Me llama la atención que siempre que me lo cruzo está
escribiendo, a veces en unas libretas pequeñas, como las que llevan
los camareros para tomar nota de las comandas, y otras lo hace por los reversos de hojas impresas
que se encontrará por ahí o que a lo mejor le suministra una secretaria de una
gestoría.
Escribe muy deprisa,
como si tuviese que contar las cosas rápidamente, antes de que vengan a
interrumpirle los guardias, los servicios sociales o los testigos de Jehová que
querrán darle un baño, un corte de pelo, vestirlo con un traje color crema y
ponerlo a decir “aleluya” los domingos en el altar.

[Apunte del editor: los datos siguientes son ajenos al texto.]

lemma srw_step_has_sum: "(srw_step k has_sum 1) (UNIV :: (int^'n) set)"
proof (induction k)
  case 0
  show ?case
    by (rule has_sum_finite_neutralI[where B="{0}"]) auto
next
  case (Suc k)
  have shifted: "((\<lambda>x. srw_step k (x + a)) has_sum 1) UNIV" for a :: "int^'n"
    using Suc.IH has_sum_translate by blast
  have "((\<lambda>x::int^'n. 1 / (2 * real CARD('n)) *
          (\<Sum>n\<in>UNIV. srw_step k (x + axis n 1) + srw_step k (x + - axis n 1)))
      has_sum 1 / (2 * real CARD('n)) * (\<Sum>n\<in>(UNIV::'n set). 1 + 1)) UNIV"
    by (intro has_sum_cmult_right has_sum_sum has_sum_add shifted) auto
  then show ?case
    by simp
qed

lemma srw_step_le_1: "srw_step k x \<le> 1"
  using finite_sum_le_has_sum[OF srw_step_has_sum[of k], of "{x}"] srw_step_nonneg by auto

definition poisson_weight :: "nat \<Rightarrow> real \<Rightarrow> real" where
  "poisson_weight k t = exp (- t) * t ^ k / fact k"

lemma poisson_weight_nonneg: "0 \<le> t \<Longrightarrow> 0 \<le> poisson_weight k t"
  by (simp add: poisson_weight_def)

lemma sums_poisson_weight: "(\<lambda>k. poisson_weight k t) sums 1"
proof -
  have "(\<lambda>k. exp (- t) * (t ^ k / fact k)) sums (exp (- t) * exp t)"
    using exp_converges[of t] by (intro sums_mult) (simp add: divide_inverse mult.commute)
  then show ?thesis
    by (simp add: poisson_weight_def exp_minus field_simps)
qed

A veces, he pensado que a lo mejor es un genio y lo que
contiene esos papeles una gran obra que seguramente se perderá por los
vertederos de la miseria. Sé que es una tontería pero me gusta fantasear con
ella, como a los que creen en la reencarnación les pone cachondos imaginarse
reencarnados en el Che Guevara, en Jimi Hendrix o en Jesucristo. Nunca en el
charcutero de la esquina que también se murió y al que, que puestos a creer en cuentos, le corresponde
también su reencarnado, vamos digo yo.
No habla con nadie, se busca un rincón y escribe. De pie
como Fernando Pessoa, o en cuclillas como un faquir. Me han dado más de una vez, ganas de mirar por encima por ver si pillo
alguna frase, por si estuviera haciendo
una crónica brutal sobre lo que ven sus ojos cada día y sobre lo que se siente
cada noche en esa soledad tan grande, tan completa. Podría haberlo hecho porque no está muy atento a los transeúntes, ensimismado en su rapto literario, pero siempre pienso que mejor no, que es
posible que lo único que contengan esos papeles sean balbuceos o, peor; poesías
rimadas, o aún peor; que como en la película aquella de Stanley
Kubrick, en la que el actor Jack Nicholson interpretaba a un escritor grillado
que se había ido a pasar el invierno a un hotel desierto de la nieve y que le
decía a la parienta que necesitaba paz para escribir, y la parienta se
tranquilizaba mucho, porque ya sabía ella que su marido estaba como una cabra y
que su hijito tampoco andaba muy fino, se tranquilaba digo, la parienta escuchando cada noche el sonido de
las teclas de la máquina de escribir. Mira, pensaría, si está liado con su obra
maestra todavía hay esperanza, pero un día se asoma la parienta a los cientos
de folios que había sobre la mesa de trabajo del baranda y sólo encuentra
repetida de manera terrorífica, casi como en las novelas de Thomas Bernhard, una frase, siempre la
misma, idéntica y única frase.
Pues eso, que prefiere uno dejarlo en paz a este hombre y
respetarlo, como hace él con todo el mundo. Porque, otra singularidad suya,
jamás habla con nadie ni pide nada a
nadie.
Una vez lo llamó una
señora muy pía, que viéndolo cargado con esos bártulos sobre la espalda, debió de
compadecerse del muchacho, como si viera en él al mismísimo Jesús en su vía
crucis. Le ofreció unas monedas y algo de comida, unas frutas que llevaba en la
cesta de la compra. Nuestro amigo estaba bastante sorprendido, pero aceptó el
regalo y escribo regalo porque así fue como lo aceptó, no como una limosna. Dio
las gracias y siguió su camino. Fue la primera vez que le vi la cara, con
churretes y todo eso, claro, pero enseguida me cayó bien.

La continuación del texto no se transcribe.